[Available records Boundary: Start]

section \<open>Every value between n and 2n is a forcing number\<close>

(* Fragment i of pyrene_matching n j: for i < j both pendant hexagons are alternating,
   otherwise the row hexagon h_{i,2} is. *)
definition fragment_matching :: "nat \<Rightarrow> nat \<Rightarrow> (int \<times> int) set set" where
  "fragment_matching j i = (let c = 4 * int i in
     if i < j then insert (vedge c 0) (hex_even_edges (c + 1, -1) \<union> hex_even_edges (c + 1, 1))
     else (if i = j then {vedge c 0} else {}) \<union> hex_odd_edges (c + 2, 0)
       \<union> {hedge (c + 2) (-1), vedge (c + 1) (-1), vedge (c + 1) 1, hedge (c + 2) 2})"

definition pyrene_matching :: "nat \<Rightarrow> nat \<Rightarrow> (int \<times> int) set set" where
  "pyrene_matching n j = (\<Union>i<n. fragment_matching j i) \<union> (if j = n then {vedge (4 * int n) 0} else {})"

lemmas fragment_matching_simps = fragment_matching_def Let_def hex_even_edges_def hex_odd_edges_def

lemma fragment_matching_subset: "fragment_matching j i \<subseteq> fragment_edges (4 * int i)"
  unfolding fragment_matching_simps fragment_edges_def by (auto simp: add.assoc)

lemma fragment_matching_subset_pyrene_matching:
  "i < n \<Longrightarrow> fragment_matching j i \<subseteq> pyrene_matching n j"
  unfolding pyrene_matching_def by blast

lemma pyrene_matching_subset:
  assumes "0 < n"
  shows "pyrene_matching n j \<subseteq> pyrene_E n"
proof -
  have "fragment_matching j i \<subseteq> pyrene_E n" if "i < n" for i
    using fragment_matching_subset fragment_edges_subset_pyrene_E[OF that] by blast
  moreover have "vedge (4 * int n) 0 \<in> pyrene_E n" using assms by simp
  ultimately show ?thesis unfolding pyrene_matching_def by auto
qed

lemma pyrene_matching_fragment:
  assumes "i < n" "e \<in> fragment_edges (4 * int i)"
  shows "e \<in> pyrene_matching n j \<longleftrightarrow> e \<in> fragment_matching j i"
proof -
  have "e \<notin> fragment_matching j k" if "k \<noteq> i" for k
    using fragment_matching_subset fragment_edges_disjoint[OF that] assms(2) by blast
  then have "e \<in> (\<Union>k<n. fragment_matching j k) \<longleftrightarrow> e \<in> fragment_matching j i"
    using assms(1) by (auto; metis)
  moreover have "e \<noteq> vedge (4 * int n) 0"
    using column_edge_notin_fragment_edges[OF assms(1)] assms(2) by blast
  ultimately show ?thesis unfolding pyrene_matching_def by simp
qed

lemma column_edge_in_pyrene_matching:
  assumes "k \<le> n" "j \<le> n"
  shows "vedge (4 * int k) 0 \<in> pyrene_matching n j \<longleftrightarrow> k \<le> j"
proof (cases "k < n")
  case True
  then show ?thesis
    by (simp add: pyrene_matching_fragment fragment_edges_def fragment_matching_simps)
next
  case False
  then have "k = n" using assms(1) by simp
  have "vedge (4 * int n) 0 \<notin> fragment_matching j i" if "i < n" for i
    using fragment_matching_subset column_edge_notin_fragment_edges[OF that] by blast
  then show ?thesis unfolding pyrene_matching_def \<open>k = n\<close> using assms(2) by auto
qed

lemma cut_edge_in_pyrene_matching:
  assumes "0 < n" "k \<le> n" "y = 0 \<or> y = 1"
  shows "hedge (4 * int k - 1) y \<in> pyrene_matching n j \<longleftrightarrow> j < k"
proof (cases k)
  case 0
  have "hedge (- 1) y \<notin> pyrene_E n" by simp
  with 0 show ?thesis using pyrene_matching_subset[OF assms(1), of j] by auto
next
  case (Suc i)
  then have "i < n" "hedge (4 * int k - 1) y = hedge (4 * int i + 3) y"
    using assms(2) by (simp_all add: algebra_simps)
  with assms(3) show ?thesis
    by (auto simp: pyrene_matching_fragment fragment_edges_def fragment_matching_simps Suc)
qed

lemma row_edge_notin_pyrene_matching:
  assumes "0 < n" "k \<le> n" "y = 0 \<or> y = 1"
  shows "hedge (4 * int k) y \<notin> pyrene_matching n j"
proof (cases "k < n")
  case True
  with assms(3) show ?thesis
    by (auto simp: pyrene_matching_fragment fragment_edges_def fragment_matching_simps)
next
  case False
  then have "hedge (4 * int k) y \<notin> pyrene_E n" using assms(2) by simp
  then show ?thesis using pyrene_matching_subset[OF assms(1), of j] by blast
qed

lemma pyrene_V_cases:
  assumes "v \<in> pyrene_V n"
  obtains (column) k y where "k \<le> n" "y = 0 \<or> y = 1" "v = (4 * int k, y)"
    | (inner) i where "i < n" "v \<in> {4 * int i + 1, 4 * int i + 2, 4 * int i + 3} \<times> {-1, 0, 1, 2}"
proof -
  obtain i where "i < n" "v \<in> {(4 * int (Suc i), 0), (4 * int (Suc i), 1)} \<union> fragment_vertices (4 * int i)"
    using assms unfolding pyrene_V_eq by (auto simp: algebra_simps)
  then show thesis
    unfolding fragment_vertices_def using that(1)[of "Suc i"] that(1)[of i] that(2)[of i] by auto
qed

[Available records Boundary: End]

_Required action:_
The task requires an exact copy of all the lines above.

_Written response:_
section \<open>Every value between n and 2n is a forcing number\<close>

(* Fragment i of pyrene_matching n j: for i < j both pendant hexagons are alternating,
   otherwise the row hexagon h_{i,2} is. *)
definition fragment_matching :: "nat \<Rightarrow> nat \<Rightarrow> (int \<times> int) set set" where
  "fragment_matching j i = (let c = 4 * int i in
     if i < j then insert (vedge c 0) (hex_even_edges (c + 1, -1) \<union> hex_even_edges (c + 1, 1))
     else (if i = j then {vedge c 0} else {}) \<union> hex_odd_edges (c + 2, 0)
       \<union> {hedge (c + 2) (-1), vedge (c + 1) (-1), vedge (c + 1) 1, hedge (c + 2) 2})"

definition pyrene_matching :: "nat \<Rightarrow> nat \<Rightarrow> (int \<times> int) set set" where
  "pyrene_matching n j = (\<Union>i<n. fragment_matching j i) \<union> (if j = n then {vedge (4 * int n) 0} else {})"

lemmas fragment_matching_simps = fragment_matching_def Let_def hex_even_edges_def hex_odd_edges_def

lemma fragment_matching_subset: "fragment_matching j i \<subseteq> fragment_edges (4 * int i)"
  unfolding fragment_matching_simps fragment_edges_def by (auto simp: add.assoc)

lemma fragment_matching_subset_pyrene_matching:
  "i < n \<Longrightarrow> fragment_matching j i \<subseteq> pyrene_matching n j"
  unfolding pyrene_matching_def by blast

lemma pyrene_matching_subset:
  assumes "0 < n"
  shows "pyrene_matching n j \<subseteq> pyrene_E n"
proof -
  have "fragment_matching j i \<subseteq> pyrene_E n" if "i < n" for i
    using fragment_matching_subset fragment_edges_subset_pyrene_E[OF that] by blast
  moreover have "vedge (4 * int n) 0 \<in> pyrene_E n" using assms by simp
  ultimately show ?thesis unfolding pyrene_matching_def by auto
qed

lemma pyrene_matching_fragment:
  assumes "i < n" "e \<in> fragment_edges (4 * int i)"
  shows "e \<in> pyrene_matching n j \<longleftrightarrow> e \<in> fragment_matching j i"
proof -
  have "e \<notin> fragment_matching j k" if "k \<noteq> i" for k
    using fragment_matching_subset fragment_edges_disjoint[OF that] assms(2) by blast
  then have "e \<in> (\<Union>k<n. fragment_matching j k) \<longleftrightarrow> e \<in> fragment_matching j i"
    using assms(1) by (auto; metis)
  moreover have "e \<noteq> vedge (4 * int n) 0"
    using column_edge_notin_fragment_edges[OF assms(1)] assms(2) by blast
  ultimately show ?thesis unfolding pyrene_matching_def by simp
qed

lemma column_edge_in_pyrene_matching:
  assumes "k \<le> n" "j \<le> n"
  shows "vedge (4 * int k) 0 \<in> pyrene_matching n j \<longleftrightarrow> k \<le> j"
proof (cases "k < n")
  case True
  then show ?thesis
    by (simp add: pyrene_matching_fragment fragment_edges_def fragment_matching_simps)
next
  case False
  then have "k = n" using assms(1) by simp
  have "vedge (4 * int n) 0 \<notin> fragment_matching j i" if "i < n" for i
    using fragment_matching_subset column_edge_notin_fragment_edges[OF that] by blast
  then show ?thesis unfolding pyrene_matching_def \<open>k = n\<close> using assms(2) by auto
qed

lemma cut_edge_in_pyrene_matching:
  assumes "0 < n" "k \<le> n" "y = 0 \<or> y = 1"
  shows "hedge (4 * int k - 1) y \<in> pyrene_matching n j \<longleftrightarrow> j < k"
proof (cases k)
  case 0
  have "hedge (- 1) y \<notin> pyrene_E n" by simp
  with 0 show ?thesis using pyrene_matching_subset[OF assms(1), of j] by auto
next
  case (Suc i)
  then have "i < n" "hedge (4 * int k - 1) y = hedge (4 * int i + 3) y"
    using assms(2) by (simp_all add: algebra_simps)
  with assms(3) show ?thesis
    by (auto simp: pyrene_matching_fragment fragment_edges_def fragment_matching_simps Suc)
qed

lemma row_edge_notin_pyrene_matching:
  assumes "0 < n" "k \<le> n" "y = 0 \<or> y = 1"
  shows "hedge (4 * int k) y \<notin> pyrene_matching n j"
proof (cases "k < n")
  case True
  with assms(3) show ?thesis
    by (auto simp: pyrene_matching_fragment fragment_edges_def fragment_matching_simps)
next
  case False
  then have "hedge (4 * int k) y \<notin> pyrene_E n" using assms(2) by simp
  then show ?thesis using pyrene_matching_subset[OF assms(1), of j] by blast
qed

lemma pyrene_V_cases:
  assumes "v \<in> pyrene_V n"
  obtains (column) k y where "k \<le> n" "y = 0 \<or> y = 1" "v = (4 * int k, y)"
    | (inner) i where "i < n" "v \<in> {4 * int i + 1, 4 * int i + 2, 4 * int i + 3} \<times> {-1, 0, 1, 2}"
proof -
  obtain i where "i < n" "v \<in> {(4 * int (Suc i), 0), (4 * int (Suc i), 1)} \<union> fragment_vertices (4 * int i)"
    using assms unfolding pyrene_V_eq by (auto simp: algebra_simps)
  then show thesis
    unfolding fragment_vertices_def using that(1)[of "Suc i"] that(1)[of i] that(2)[of i] by auto
qed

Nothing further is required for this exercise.